Frasers Hospitality Trust offer’s premium only OK: Analyst

Singapore two-dollar billsSingapore two-dollar bills

Frasers Property‘s S$0.70 bid to take Frasers Hospitality Trust private offers unitholders an “okay,” but not overwhelming, premium, Travis Lundy, an analyst/Insight Provider at Quiddity Advisors, who publishes on Smartkarma, said on Monday.

The offer doesn’t seem overwhelming as the REIT has seen writedowns to its net asset value (NAV) over the past several years, Lundy said in a note. While current NAV is at S$0.6519 a unit, it was at S$0.78 in September 2019, pre-Covid, and at S$0.87 in September 2017, the note said.

Lundy also took some issue with the stated rationales for the deal; he noted the deal rationale for sponsor takeovers often “insults the intelligence of unitholders,” but he added this offer was “pretty special.”

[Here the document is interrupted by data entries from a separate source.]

lemma orbit_unbounded_above:
  fixes e :: "real \<Rightarrow> real"
  assumes J: "is_interval J" and e: "continuous_on J e" "e ` J \<subseteq> J" "\<forall>x\<in>J. x < e x"
    and x: "x \<in> J" and y: "y \<in> J"
  shows "\<exists>n. y < (e ^^ n) x"
proof (rule ccontr)
  assume "\<nexists>n. y < (e ^^ n) x"
  then have bounded: "(e ^^ n) x \<le> y" for n
    by (simp add: not_less)
  define s where "s n = (e ^^ n) x" for n
  have s_mem: "s n \<in> J" for n
    unfolding s_def by (induction n) (use x e(2) in auto)
  have s_Suc: "s (Suc n) = e (s n)" for n
    unfolding s_def by simp
  have "incseq s"
    by (rule incseq_SucI) (simp add: s_Suc s_mem e(3) less_imp_le)
  moreover have "bdd_above (range s)"
    using bounded unfolding s_def by (intro bdd_aboveI) auto
  ultimately have lim: "s \<longlonglongrightarrow> (SUP n. s n)"
    by (rule LIMSEQ_incseq_SUP[rotated])
  define L where "L = (SUP n. s n)"
  have "x \<le> L"
    using incseq_le[OF \<open>incseq s\<close> lim, of 0] unfolding s_def L_def by simp
  moreover have "L \<le> y"
    using LIMSEQ_le_const2[OF lim] bounded unfolding s_def L_def by blast
  ultimately have "L \<in> J"
    using J x y unfolding is_interval_1 by blast
  then have "(\<lambda>n. e (s n)) \<longlonglongrightarrow> e L"
    using e(1) s_mem lim unfolding continuous_on_sequentially comp_def L_def by blast
  moreover have "(\<lambda>n. e (s n)) \<longlonglongrightarrow> L"
    unfolding s_Suc[symmetric] L_def by (rule LIMSEQ_Suc[OF lim])
  ultimately have "e L = L"
    by (rule LIMSEQ_unique)
  with \<open>L \<in> J\<close> e(3) show False
    by force
qed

The rationales cited revenue per available room (RevPAR) being “significantly below pre-Covid-19 levels,” and that a further strengthening of the Singapore dollar could limit revaluation gains and distribution per stapled security (DPS) growth, Lundy noted.

“Markets gonna market and the sponsor wants to be opportunistic while things are bad. The manager didn’t hedge the foreign-exchange exposure on foreign assets and now the the Singapore dollar is stronger than before (vs non-U.S. dollar currencies), having gained 10 percent in eight full years,” Lundy noted.

The unit has underperformed because of Covid and lack of travel; travel starts picking up (generally upbeat second-quarter report and presentation on 29 April) and now they want to buy it at a premium to a downtrodden NAV,” he said. 

Lundy noted the offer terms haven’t been declared final, and he said an activist investor may “get upset” over the small premium to NAV.

“If there is noise, one might expect a little bump,” potentially of “a few cents,” but not as much as 10 Singapore cents, the note said.

Units of Frasers Hospitality Trust ended Monday at S$0.69, up 4.55 percent.